- [REQUIREMENT] For the data that follows, give the number of lines in which "moreover" appears. Add nothing to it.

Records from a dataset
┌────────

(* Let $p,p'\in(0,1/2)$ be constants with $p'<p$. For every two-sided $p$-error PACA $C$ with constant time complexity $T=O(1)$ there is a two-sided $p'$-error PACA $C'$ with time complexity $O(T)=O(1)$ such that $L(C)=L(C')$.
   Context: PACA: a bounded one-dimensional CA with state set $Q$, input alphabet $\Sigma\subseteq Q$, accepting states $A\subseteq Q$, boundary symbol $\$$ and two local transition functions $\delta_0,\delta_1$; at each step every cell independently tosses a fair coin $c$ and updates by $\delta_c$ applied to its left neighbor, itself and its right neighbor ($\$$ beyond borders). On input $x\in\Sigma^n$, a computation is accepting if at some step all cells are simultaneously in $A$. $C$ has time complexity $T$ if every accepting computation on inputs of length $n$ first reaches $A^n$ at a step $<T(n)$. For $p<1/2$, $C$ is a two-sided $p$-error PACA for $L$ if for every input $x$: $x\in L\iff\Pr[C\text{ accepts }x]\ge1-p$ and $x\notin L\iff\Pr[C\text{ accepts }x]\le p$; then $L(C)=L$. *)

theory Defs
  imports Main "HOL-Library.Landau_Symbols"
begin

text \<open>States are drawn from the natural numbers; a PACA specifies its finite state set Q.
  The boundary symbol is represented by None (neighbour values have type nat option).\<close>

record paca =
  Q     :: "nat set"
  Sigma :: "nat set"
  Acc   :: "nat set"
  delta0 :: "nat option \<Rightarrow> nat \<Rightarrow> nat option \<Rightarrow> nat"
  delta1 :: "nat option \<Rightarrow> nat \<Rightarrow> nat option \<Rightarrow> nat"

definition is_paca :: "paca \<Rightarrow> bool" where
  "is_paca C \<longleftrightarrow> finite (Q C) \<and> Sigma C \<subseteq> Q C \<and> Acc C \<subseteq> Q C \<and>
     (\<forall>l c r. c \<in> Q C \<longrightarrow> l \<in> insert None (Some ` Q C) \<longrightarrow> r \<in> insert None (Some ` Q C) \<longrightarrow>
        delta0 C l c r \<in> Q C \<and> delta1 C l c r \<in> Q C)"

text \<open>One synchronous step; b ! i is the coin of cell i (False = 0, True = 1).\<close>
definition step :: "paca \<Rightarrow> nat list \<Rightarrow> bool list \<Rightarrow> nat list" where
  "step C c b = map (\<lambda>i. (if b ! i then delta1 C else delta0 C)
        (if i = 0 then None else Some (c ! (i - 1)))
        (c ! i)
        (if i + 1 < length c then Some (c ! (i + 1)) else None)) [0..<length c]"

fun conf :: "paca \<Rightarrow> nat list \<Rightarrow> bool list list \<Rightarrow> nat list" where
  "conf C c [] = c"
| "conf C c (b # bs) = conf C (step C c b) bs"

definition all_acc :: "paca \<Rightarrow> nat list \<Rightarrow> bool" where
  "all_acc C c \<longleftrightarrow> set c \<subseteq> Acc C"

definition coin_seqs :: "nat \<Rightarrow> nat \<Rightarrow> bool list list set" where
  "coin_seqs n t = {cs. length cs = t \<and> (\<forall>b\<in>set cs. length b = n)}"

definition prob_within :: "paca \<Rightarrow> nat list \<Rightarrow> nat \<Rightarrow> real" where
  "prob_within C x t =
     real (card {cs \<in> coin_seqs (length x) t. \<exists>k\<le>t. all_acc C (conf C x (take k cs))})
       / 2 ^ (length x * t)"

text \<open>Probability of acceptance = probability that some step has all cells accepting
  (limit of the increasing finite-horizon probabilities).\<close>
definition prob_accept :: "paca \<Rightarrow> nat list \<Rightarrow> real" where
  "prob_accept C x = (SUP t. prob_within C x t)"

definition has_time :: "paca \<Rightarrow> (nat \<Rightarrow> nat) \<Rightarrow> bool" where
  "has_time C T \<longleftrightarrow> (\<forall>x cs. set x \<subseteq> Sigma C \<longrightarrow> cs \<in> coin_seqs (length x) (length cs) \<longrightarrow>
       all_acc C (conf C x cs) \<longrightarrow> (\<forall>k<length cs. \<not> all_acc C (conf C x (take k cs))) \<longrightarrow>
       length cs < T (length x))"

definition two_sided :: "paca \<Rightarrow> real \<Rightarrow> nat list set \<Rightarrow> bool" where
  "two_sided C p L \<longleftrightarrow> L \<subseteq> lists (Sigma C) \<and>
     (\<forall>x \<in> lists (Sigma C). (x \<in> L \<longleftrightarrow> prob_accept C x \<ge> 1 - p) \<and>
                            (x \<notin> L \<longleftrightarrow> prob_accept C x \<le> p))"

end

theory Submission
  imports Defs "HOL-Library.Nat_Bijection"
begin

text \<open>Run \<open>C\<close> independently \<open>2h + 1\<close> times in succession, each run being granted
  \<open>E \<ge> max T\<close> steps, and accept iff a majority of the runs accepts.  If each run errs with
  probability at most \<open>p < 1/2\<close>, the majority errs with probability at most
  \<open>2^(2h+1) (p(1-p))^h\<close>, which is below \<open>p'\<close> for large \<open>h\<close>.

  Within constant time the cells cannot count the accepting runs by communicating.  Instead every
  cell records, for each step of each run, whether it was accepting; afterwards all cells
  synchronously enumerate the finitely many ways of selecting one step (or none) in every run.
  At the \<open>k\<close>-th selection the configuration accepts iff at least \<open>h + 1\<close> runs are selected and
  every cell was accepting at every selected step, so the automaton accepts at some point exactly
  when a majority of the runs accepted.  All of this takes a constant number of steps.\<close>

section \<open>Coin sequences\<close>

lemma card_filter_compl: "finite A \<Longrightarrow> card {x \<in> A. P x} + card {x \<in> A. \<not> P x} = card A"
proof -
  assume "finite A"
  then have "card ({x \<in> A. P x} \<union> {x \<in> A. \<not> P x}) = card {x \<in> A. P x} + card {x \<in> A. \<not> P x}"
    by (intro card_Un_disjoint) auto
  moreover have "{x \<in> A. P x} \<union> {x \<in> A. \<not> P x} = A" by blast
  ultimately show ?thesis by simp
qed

└────────
┌────────

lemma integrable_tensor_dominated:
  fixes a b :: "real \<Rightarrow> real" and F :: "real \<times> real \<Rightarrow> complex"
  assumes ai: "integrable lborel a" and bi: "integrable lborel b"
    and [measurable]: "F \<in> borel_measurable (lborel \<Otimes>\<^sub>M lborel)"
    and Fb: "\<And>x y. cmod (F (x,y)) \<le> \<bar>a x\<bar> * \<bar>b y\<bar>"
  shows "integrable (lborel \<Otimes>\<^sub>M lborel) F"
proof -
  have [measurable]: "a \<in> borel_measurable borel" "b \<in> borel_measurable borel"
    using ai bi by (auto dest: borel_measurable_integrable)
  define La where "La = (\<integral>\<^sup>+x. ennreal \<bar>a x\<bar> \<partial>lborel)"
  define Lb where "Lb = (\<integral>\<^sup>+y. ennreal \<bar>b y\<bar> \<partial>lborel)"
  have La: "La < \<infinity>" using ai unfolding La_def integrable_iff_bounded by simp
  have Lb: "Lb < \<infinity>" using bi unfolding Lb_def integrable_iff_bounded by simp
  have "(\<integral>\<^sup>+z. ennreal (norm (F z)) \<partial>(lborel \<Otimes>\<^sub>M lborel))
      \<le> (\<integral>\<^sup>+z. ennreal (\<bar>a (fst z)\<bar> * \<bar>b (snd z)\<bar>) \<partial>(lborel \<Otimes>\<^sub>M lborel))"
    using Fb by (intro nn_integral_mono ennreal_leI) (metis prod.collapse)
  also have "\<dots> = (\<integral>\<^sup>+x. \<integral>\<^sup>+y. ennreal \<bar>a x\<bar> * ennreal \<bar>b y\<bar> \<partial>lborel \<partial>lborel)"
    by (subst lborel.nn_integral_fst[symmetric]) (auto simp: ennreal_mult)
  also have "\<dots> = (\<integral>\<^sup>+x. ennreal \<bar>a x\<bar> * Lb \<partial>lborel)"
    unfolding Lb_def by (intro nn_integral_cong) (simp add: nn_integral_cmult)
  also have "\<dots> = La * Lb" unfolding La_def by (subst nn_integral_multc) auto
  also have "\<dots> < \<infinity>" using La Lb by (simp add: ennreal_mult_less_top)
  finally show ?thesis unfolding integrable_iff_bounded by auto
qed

└────────
┌────────

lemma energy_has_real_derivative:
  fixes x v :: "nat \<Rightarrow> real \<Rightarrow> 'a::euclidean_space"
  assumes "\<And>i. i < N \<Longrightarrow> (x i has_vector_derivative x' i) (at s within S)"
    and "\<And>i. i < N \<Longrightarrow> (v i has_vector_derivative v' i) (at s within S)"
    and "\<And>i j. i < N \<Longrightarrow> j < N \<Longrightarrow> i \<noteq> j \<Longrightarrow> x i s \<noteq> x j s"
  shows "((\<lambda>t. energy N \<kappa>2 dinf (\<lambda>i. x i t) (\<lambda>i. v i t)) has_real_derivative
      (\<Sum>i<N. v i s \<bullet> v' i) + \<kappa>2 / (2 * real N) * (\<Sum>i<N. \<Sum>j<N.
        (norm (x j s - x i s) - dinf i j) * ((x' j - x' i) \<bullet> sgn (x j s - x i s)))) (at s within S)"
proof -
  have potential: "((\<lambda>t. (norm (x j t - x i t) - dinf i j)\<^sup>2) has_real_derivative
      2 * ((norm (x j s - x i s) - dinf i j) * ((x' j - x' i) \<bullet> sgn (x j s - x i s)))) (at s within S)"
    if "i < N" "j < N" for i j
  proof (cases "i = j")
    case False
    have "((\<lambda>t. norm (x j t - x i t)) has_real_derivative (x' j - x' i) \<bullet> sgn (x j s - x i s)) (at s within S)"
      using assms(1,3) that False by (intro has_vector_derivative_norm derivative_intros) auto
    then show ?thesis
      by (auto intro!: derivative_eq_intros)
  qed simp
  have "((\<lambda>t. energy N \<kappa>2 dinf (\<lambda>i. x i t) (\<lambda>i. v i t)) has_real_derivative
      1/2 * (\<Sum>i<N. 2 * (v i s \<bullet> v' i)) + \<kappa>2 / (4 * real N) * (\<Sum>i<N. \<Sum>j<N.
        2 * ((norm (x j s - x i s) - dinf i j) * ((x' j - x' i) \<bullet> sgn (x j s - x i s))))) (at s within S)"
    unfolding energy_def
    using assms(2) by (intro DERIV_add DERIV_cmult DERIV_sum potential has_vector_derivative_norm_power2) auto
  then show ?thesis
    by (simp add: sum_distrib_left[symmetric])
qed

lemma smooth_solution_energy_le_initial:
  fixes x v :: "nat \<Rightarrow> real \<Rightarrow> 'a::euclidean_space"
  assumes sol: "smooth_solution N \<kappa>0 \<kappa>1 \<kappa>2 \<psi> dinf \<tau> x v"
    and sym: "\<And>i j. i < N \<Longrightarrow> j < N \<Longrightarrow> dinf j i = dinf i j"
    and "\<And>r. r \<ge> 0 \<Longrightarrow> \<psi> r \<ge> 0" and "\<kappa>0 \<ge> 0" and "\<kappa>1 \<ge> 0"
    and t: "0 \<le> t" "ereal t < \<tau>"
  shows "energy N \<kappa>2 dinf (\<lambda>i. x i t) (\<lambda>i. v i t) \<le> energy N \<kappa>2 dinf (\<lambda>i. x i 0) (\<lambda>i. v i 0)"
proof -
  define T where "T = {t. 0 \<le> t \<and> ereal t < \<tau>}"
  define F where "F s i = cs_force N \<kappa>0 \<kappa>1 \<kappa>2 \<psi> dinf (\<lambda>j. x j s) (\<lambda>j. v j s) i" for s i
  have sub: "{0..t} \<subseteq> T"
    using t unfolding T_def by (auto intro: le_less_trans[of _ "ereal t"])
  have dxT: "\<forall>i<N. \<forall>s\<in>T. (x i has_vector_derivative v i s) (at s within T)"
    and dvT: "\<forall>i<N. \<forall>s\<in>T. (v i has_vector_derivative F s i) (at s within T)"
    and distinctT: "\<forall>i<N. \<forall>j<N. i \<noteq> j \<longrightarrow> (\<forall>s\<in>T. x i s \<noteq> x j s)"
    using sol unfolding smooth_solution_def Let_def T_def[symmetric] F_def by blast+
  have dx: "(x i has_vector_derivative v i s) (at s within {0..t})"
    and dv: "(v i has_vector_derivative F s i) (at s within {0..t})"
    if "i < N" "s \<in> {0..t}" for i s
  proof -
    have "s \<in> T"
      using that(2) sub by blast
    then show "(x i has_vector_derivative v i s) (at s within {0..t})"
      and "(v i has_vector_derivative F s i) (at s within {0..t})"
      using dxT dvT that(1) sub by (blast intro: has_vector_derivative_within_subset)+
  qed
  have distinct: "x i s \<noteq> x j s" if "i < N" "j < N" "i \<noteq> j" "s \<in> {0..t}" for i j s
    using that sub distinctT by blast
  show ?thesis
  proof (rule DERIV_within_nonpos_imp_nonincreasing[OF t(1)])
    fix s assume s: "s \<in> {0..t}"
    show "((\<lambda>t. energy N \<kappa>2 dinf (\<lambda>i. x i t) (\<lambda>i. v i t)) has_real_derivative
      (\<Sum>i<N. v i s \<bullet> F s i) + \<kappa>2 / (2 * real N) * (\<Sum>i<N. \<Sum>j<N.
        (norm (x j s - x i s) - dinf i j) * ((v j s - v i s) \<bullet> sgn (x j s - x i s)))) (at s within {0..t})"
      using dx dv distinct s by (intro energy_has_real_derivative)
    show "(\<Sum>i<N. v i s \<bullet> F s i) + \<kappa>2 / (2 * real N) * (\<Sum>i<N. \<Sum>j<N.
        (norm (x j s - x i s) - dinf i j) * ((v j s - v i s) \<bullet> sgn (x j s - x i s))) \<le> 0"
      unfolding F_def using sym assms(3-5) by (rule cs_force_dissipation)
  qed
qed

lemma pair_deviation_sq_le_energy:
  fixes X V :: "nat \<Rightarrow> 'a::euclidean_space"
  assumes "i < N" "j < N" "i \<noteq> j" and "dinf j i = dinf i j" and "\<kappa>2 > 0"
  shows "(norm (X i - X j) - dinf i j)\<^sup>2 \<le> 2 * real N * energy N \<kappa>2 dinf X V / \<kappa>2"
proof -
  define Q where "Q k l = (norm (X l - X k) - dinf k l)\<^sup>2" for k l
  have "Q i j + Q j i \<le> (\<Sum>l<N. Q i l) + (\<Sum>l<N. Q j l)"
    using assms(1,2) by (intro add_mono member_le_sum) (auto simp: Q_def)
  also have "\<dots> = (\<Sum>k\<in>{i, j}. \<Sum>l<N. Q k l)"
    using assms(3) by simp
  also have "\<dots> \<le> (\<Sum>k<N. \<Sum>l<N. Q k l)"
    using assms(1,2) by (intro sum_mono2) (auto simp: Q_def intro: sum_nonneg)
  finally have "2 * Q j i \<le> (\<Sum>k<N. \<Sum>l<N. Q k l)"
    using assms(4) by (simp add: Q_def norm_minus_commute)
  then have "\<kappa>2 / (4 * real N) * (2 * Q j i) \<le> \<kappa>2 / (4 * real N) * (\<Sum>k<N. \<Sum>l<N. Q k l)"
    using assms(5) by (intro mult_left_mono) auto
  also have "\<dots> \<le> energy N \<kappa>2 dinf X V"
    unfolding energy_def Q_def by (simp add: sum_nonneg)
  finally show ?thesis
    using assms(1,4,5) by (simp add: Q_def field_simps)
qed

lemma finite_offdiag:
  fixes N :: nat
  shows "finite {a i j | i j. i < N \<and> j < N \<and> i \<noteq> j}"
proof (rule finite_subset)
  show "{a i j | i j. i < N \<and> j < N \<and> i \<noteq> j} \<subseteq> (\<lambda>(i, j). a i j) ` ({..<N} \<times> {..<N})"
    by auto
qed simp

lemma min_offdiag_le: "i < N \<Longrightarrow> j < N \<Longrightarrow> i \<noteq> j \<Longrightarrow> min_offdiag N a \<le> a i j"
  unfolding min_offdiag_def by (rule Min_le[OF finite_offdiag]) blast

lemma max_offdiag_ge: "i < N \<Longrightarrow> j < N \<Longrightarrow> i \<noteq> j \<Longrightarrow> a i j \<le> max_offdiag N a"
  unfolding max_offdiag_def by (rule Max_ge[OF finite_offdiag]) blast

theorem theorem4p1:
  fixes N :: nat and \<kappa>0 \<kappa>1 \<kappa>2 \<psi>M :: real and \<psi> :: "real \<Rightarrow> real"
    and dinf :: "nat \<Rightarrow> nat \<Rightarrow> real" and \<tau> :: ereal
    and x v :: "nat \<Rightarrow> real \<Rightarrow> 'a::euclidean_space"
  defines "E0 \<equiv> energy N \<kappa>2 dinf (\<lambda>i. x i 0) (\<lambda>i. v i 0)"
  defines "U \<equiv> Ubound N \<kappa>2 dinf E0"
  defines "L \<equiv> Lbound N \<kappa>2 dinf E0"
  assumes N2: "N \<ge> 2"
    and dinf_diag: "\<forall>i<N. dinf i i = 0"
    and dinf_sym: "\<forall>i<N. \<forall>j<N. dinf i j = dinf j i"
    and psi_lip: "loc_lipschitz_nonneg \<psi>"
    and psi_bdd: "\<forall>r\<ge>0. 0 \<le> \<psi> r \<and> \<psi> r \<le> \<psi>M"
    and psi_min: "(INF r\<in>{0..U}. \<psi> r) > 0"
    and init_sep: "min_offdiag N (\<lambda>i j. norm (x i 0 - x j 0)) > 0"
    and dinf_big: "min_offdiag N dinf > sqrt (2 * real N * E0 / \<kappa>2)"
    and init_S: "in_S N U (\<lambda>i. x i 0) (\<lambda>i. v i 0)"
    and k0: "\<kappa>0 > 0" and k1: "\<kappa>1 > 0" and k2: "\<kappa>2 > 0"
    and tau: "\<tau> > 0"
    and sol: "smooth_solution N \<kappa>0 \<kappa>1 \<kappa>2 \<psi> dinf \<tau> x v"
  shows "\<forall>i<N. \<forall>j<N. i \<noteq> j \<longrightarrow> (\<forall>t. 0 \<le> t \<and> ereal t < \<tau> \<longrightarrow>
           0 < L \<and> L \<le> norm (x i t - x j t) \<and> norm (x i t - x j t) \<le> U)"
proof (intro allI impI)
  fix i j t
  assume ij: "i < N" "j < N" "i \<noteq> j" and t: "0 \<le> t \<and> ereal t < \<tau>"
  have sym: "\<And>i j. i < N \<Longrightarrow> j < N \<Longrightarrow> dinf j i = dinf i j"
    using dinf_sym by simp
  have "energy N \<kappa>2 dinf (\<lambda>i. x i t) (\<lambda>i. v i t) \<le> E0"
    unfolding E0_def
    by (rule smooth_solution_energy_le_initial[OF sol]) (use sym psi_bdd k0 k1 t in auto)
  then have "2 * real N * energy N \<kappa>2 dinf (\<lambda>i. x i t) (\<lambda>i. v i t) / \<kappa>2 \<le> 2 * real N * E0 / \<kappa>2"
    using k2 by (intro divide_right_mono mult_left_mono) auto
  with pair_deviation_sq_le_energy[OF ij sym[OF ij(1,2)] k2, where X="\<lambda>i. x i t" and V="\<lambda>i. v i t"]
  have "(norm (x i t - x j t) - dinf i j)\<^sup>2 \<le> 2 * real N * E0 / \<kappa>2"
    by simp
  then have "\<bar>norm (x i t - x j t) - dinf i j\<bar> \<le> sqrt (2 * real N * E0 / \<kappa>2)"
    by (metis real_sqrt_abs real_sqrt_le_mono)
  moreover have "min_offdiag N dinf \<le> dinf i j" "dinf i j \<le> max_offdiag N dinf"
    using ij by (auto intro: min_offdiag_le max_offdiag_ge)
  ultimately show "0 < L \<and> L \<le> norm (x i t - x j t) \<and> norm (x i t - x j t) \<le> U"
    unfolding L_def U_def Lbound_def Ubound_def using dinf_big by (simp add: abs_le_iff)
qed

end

└────────

- [TASK RESULT] 2